The scenario presented in the opening paragraphs—that of a mining robot which wanders into a competitor firm’s area upon an asteroid—is unmapped territory, legally speaking. Ambiguity in legal rights is never a good thing, especially in the commercial context. Ambiguity represents a business risk that is difficult to quantify. A capital investment with incalculable risks is best avoided entirely. Certainty is preferable to uncertainty.

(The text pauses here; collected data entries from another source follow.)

(* In the randomized $\mathsf{No}\text{-}\mathsf{CD}$ model, both of the following tasks can be solved (with high probability) by a randomized algorithm taking $O(\mathcal{C}\log^3 n)$ time and $O(\mathcal{C}\log^3 n)$ energy. Downward transmission: given $i\ge0$ and a subset $V'$ of layer-$i$ vertices holding messages, every layer-$(i+1)$ vertex having at least one $V'$-neighbor in its own cluster receives the message of some such neighbor. Upward transmission: given $i>0$ and a subset $V'$ of layer-$i$ vertices holding messages, every layer-$(i-1)$ vertex having at least one $V'$-neighbor in its own cluster receives the message of some such neighbor.
   Context: Radio network: connected undirected graph $G$ with $n$ vertices and maximum degree $\Delta$; synchronized slots; a vertex transmits, listens or idles per slot, transmit/listen costing one unit of energy. $\mathsf{No}\text{-}\mathsf{CD}$: a listener receives a message iff exactly one neighbor transmits; otherwise silence. A labeling $\mathcal{L}:V\to\{0,\ldots,n-1\}$ is good if every $v$ with $\mathcal{L}(v)>0$ has a neighbor $u$ with $\mathcal{L}(u)=\mathcal{L}(v)-1$; $v$ is a layer-$i$ vertex if $\mathcal{L}(v)=i$. Cluster structure: each vertex $v$ has a unique $\mathrm{ID}(v)$ and a good-labeling value $\mathcal{L}(v)$; the vertices are partitioned into clusters, each cluster $C$ containing exactly one layer-0 vertex $r$ (its center), with every layer-$i$ vertex ($i>0$) of $C$ having a layer-$(i-1)$ neighbor in $C$; each $v\in C$ knows the cluster id $\mathrm{CID}(v)=\mathrm{ID}(r)$ and a shared, sufficiently long random string generated by $r$. All vertices know parameters $\mathcal{C}$ and $\mathcal{D}$ such that for each vertex $u$, the vertices of $N(u)\cup\{u\}$ belong to at most $\mathcal{C}$ distinct clusters, and $\mathcal{D}$ upper bounds the number of layers. "With high probability" = failure probability $\le1/\mathrm{poly}(n)$. *)

theory Defs
  imports "HOL-Probability.Probability"
begin

text \<open>Vertices of the communication graph are natural numbers (names used only
for the model; algorithms see only their local input). The graph is given by a
vertex set V and an adjacency relation E.\<close>

datatype 'p action = Transmit 'p | Listen | Idle

text \<open>Local input of a vertex: global parameters n, C, D, the layer index i of the
task, its own ID, its label L(v), its cluster id CID(v), and its message
(Some m iff the vertex belongs to V').\<close>
datatype 'm linput = LInput (lin_n: nat) (lin_C: nat) (lin_D: nat) (lin_i: nat)
  (lin_ID: nat) (lin_L: nat) (lin_CID: nat) (lin_msg: "'m option")

text \<open>The number of slots and the length of
the random strings depend only on the global parameters (n, C, D, i). In every
slot a vertex chooses an action as a function of its local input, its private
random string, the shared random string of its cluster and the history of what it
received so far (None = nothing received: idle, or silence).\<close>
record ('m, 'p) protocol =
  ptime :: "nat \<times> nat \<times> nat \<times> nat \<Rightarrow> nat"
  prand :: "nat \<times> nat \<times> nat \<times> nat \<Rightarrow> nat"
  pact  :: "'m linput \<Rightarrow> bool list \<Rightarrow> bool list \<Rightarrow> 'p option list \<Rightarrow> 'p action"
  pout  :: "'m linput \<Rightarrow> bool list \<Rightarrow> bool list \<Rightarrow> 'p option list \<Rightarrow> 'm option"

text \<open>No-CD reception rule: a listener receives a packet iff exactly one neighbour
transmits; otherwise it hears silence.\<close>
definition transmitters :: "(nat \<Rightarrow> nat \<Rightarrow> bool) \<Rightarrow> nat set \<Rightarrow> (nat \<Rightarrow> 'p action) \<Rightarrow> nat \<Rightarrow> nat set" where
  "transmitters E V acts v = {u \<in> V. E v u \<and> (\<exists>p. acts u = Transmit p)}"

definition heard :: "(nat \<Rightarrow> nat \<Rightarrow> bool) \<Rightarrow> nat set \<Rightarrow> (nat \<Rightarrow> 'p action) \<Rightarrow> nat \<Rightarrow> 'p option" where
  "heard E V acts v =
     (if acts v = Listen \<and> card (transmitters E V acts v) = 1
      then (case acts (the_elem (transmitters E V acts v)) of Transmit p \<Rightarrow> Some p | _ \<Rightarrow> None)
      else None)"

text \<open>Histories after t slots. inp: local inputs, pr: private random strings,
sh: shared random string available to each vertex (that of its cluster center).\<close>
fun run :: "('m, 'p) protocol \<Rightarrow> (nat \<Rightarrow> nat \<Rightarrow> bool) \<Rightarrow> nat set \<Rightarrow> (nat \<Rightarrow> 'm linput)
            \<Rightarrow> (nat \<Rightarrow> bool list) \<Rightarrow> (nat \<Rightarrow> bool list) \<Rightarrow> nat \<Rightarrow> nat \<Rightarrow> 'p option list" where
  "run A E V inp pr sh 0 = (\<lambda>v. [])"
| "run A E V inp pr sh (Suc t) =
     (let h = run A E V inp pr sh t;
          acts = (\<lambda>v. pact A (inp v) (pr v) (sh v) (h v))
      in (\<lambda>v. h v @ [heard E V acts v]))"

definition action_at :: "('m, 'p) protocol \<Rightarrow> (nat \<Rightarrow> nat \<Rightarrow> bool) \<Rightarrow> nat set \<Rightarrow> (nat \<Rightarrow> 'm linput)
            \<Rightarrow> (nat \<Rightarrow> bool list) \<Rightarrow> (nat \<Rightarrow> bool list) \<Rightarrow> nat \<Rightarrow> nat \<Rightarrow> 'p action" where
  "action_at A E V inp pr sh t v = pact A (inp v) (pr v) (sh v) (run A E V inp pr sh t v)"

definition energy :: "('m, 'p) protocol \<Rightarrow> (nat \<Rightarrow> nat \<Rightarrow> bool) \<Rightarrow> nat set \<Rightarrow> (nat \<Rightarrow> 'm linput)
            \<Rightarrow> (nat \<Rightarrow> bool list) \<Rightarrow> (nat \<Rightarrow> bool list) \<Rightarrow> nat \<Rightarrow> nat \<Rightarrow> nat" where
  "energy A E V inp pr sh T v = card {t. t < T \<and> action_at A E V inp pr sh t v \<noteq> Idle}"

definition outputs :: "('m, 'p) protocol \<Rightarrow> (nat \<Rightarrow> nat \<Rightarrow> bool) \<Rightarrow> nat set \<Rightarrow> (nat \<Rightarrow> 'm linput)
            \<Rightarrow> (nat \<Rightarrow> bool list) \<Rightarrow> (nat \<Rightarrow> bool list) \<Rightarrow> nat \<Rightarrow> nat \<Rightarrow> 'm option" where
  "outputs A E V inp pr sh T v = pout A (inp v) (pr v) (sh v) (run A E V inp pr sh T v)"

definition cluster_instance :: "nat \<Rightarrow> nat \<Rightarrow> nat \<Rightarrow> nat \<Rightarrow> (nat \<Rightarrow> nat \<Rightarrow> bool) \<Rightarrow> nat set
      \<Rightarrow> (nat \<Rightarrow> nat) \<Rightarrow> (nat \<Rightarrow> nat) \<Rightarrow> (nat \<Rightarrow> nat) \<Rightarrow> bool" where
  "cluster_instance n a C D E V ID L ctr \<longleftrightarrow>
     finite V \<and> card V = n \<and>
     (\<forall>u v. E u v \<longrightarrow> u \<in> V \<and> v \<in> V) \<and> (\<forall>u v. E u v \<longrightarrow> E v u) \<and> (\<forall>v. \<not> E v v) \<and>
     (\<forall>u\<in>V. \<forall>v\<in>V. E\<^sup>*\<^sup>* u v) \<and>
     inj_on ID V \<and> (\<forall>v\<in>V. ID v < n ^ a) \<and>
     (\<forall>v\<in>V. L v < n) \<and>
     (\<forall>v\<in>V. 0 < L v \<longrightarrow> (\<exists>u. E v u \<and> L u = L v - 1)) \<and>
     (\<forall>v\<in>V. ctr v \<in> V \<and> ctr (ctr v) = ctr v \<and> L (ctr v) = 0) \<and>
     (\<forall>v\<in>V. L v = 0 \<longrightarrow> ctr v = v) \<and>
     (\<forall>v\<in>V. 0 < L v \<longrightarrow> (\<exists>u. E v u \<and> ctr u = ctr v \<and> L u = L v - 1)) \<and>
     (\<forall>u\<in>V. card (ctr ` ({u} \<union> {v. E u v})) \<le> C) \<and>
     (\<forall>v\<in>V. L v < D)"

datatype direction = Downward | Upward

definition is_target :: "direction \<Rightarrow> nat \<Rightarrow> nat \<Rightarrow> bool" where
  "is_target d i l = (case d of Downward \<Rightarrow> l = i + 1 | Upward \<Rightarrow> l + 1 = i)"

definition task_ok :: "direction \<Rightarrow> nat \<Rightarrow> (nat \<Rightarrow> nat \<Rightarrow> bool) \<Rightarrow> nat set \<Rightarrow> (nat \<Rightarrow> nat)
      \<Rightarrow> (nat \<Rightarrow> nat) \<Rightarrow> nat set \<Rightarrow> (nat \<Rightarrow> 'm) \<Rightarrow> (nat \<Rightarrow> 'm option) \<Rightarrow> bool" where
  "task_ok d i E V L ctr V' msg out \<longleftrightarrow>
     (\<forall>w\<in>V. is_target d i (L w) \<and> (\<exists>u\<in>V'. E u w \<and> ctr u = ctr w) \<longrightarrow>
        (\<exists>u\<in>V'. E u w \<and> ctr u = ctr w \<and> out w = Some (msg u)))"

end

theory Submission
  imports Defs "HOL-Library.Discrete_Functions"
begin

text \<open>In every slot each holder of a message transmits it, tagged with its cluster id, iff two
  coin tosses succeed: one shared by its cluster, with probability about \<open>1/(4C)\<close>, and a private
  one with probability \<open>2\<^sup>-\<^sup>j\<close>, where \<open>j = t mod (log n + 3)\<close> cycles through the guesses for the
  number of competing senders. Let \<open>w\<close> be a target with \<open>s\<close> senders in its own cluster. In a slot
  whose guess matches \<open>s\<close>, with probability at least \<open>1/(64C)\<close> the cluster of \<open>w\<close> is active, the
  at most \<open>C\<close> other clusters around \<open>w\<close> are silent and exactly one sender of the cluster of \<open>w\<close>
  transmits, so that \<open>w\<close> hears a packet tagged with its own cluster id; \<open>w\<close> outputs the first
  such packet. Repeating every guess \<open>64C(k + 1)(log n + 1)\<close> times leaves failure probability
  at most \<open>n\<^sup>-\<^sup>(\<^sup>k\<^sup>+\<^sup>1\<^sup>)\<close> per target, and a union bound over the targets gives success with
  probability \<open>1 - n\<^sup>-\<^sup>k\<close>. Time and energy are bounded by the number \<open>O(C log\<^sup>2 n)\<close> of slots.\<close>

section \<open>Biased coins from uniform bit strings\<close>

definition leading_ones :: "nat \<Rightarrow> bool list \<Rightarrow> bool" where
  "leading_ones q bs \<longleftrightarrow> (\<forall>x\<in>set (take q bs). x)"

The law should anticipate asteroid mining conflicts before they arise. One possible solution is strict liability for the acts of autonomous robots. Strict liability would impose legal responsibility without a showing of any wrongful act or spite, or even negligence. It’s a convenient solution because strict liability is already a recognized legal doctrine; it imposes liability without fault in the context, for example, of extremely dangerous activities like storing dynamite. When the shack of dynamite goes off, causing injury to a neighbor, liability can be imposed without having to prove fault. But robots are not inherently dangerous, and imposing strict liability for any act of a robot that causes harm is overbroad, and just as likely to stifle investment in extraterrestrial commercial ventures as uncertainty.

Endnotes

  1. Treaty on Principles Governing the Activities of States in the Exploration and Use of Outer Space, Including the Moon and Other Celestial Bodies, art. I, Jan. 27, 1967, 18 U.S.T. 2410, 610 U.N.T.S. 205 (commonly called the OST or Outer Space Treaty).
  2. E.g., Daniel H. Deudney, “High Impacts: Asteroidal Utilization, Collision Avoidance, and the Outer Space Regime”, in Space Policy in the Twenty-First Century 147, 161 (W. Henry Lambright, ed., 2003) (noting: “Overall, outer space is governed communally” and with communal arrangements, “property is frequently subject to depletion, crowding, and collision.”).
  3. US Commercial Space Launch Competitiveness Act (also known as the SPACE Act), Pub L. 114-90. 129 Stat. 704 § 101 (2015). Chapter 513 of the Act purports to grant private property rights to extracted outer space resources for those who comply with the Act. 51 U.S.C. § 51303.
  4. See Black Hills Institute of Geological Research v. South Dakota School of Mines and Technology, 12 F.3d 737 (8th Cir. 1993) (holding that the Tyrannosaurus rex fossil known as “Sue” was real estate when it was discovered partially exposed on the ground).
  5. Keeble v. Hickeringill (1707) 11 East 574; 103 ER 1127.
  6. John Danaher, “Robots, Law and the Retribution Gap,” 18 Ethics and Information Technology 299 (2016).
  7. See Robert Sparrow, “Killer Robots,” 24 Journal of Applied Philosophy 62 (2007) (considering blameworthiness when an autonomous weapon system commits a war atrocity).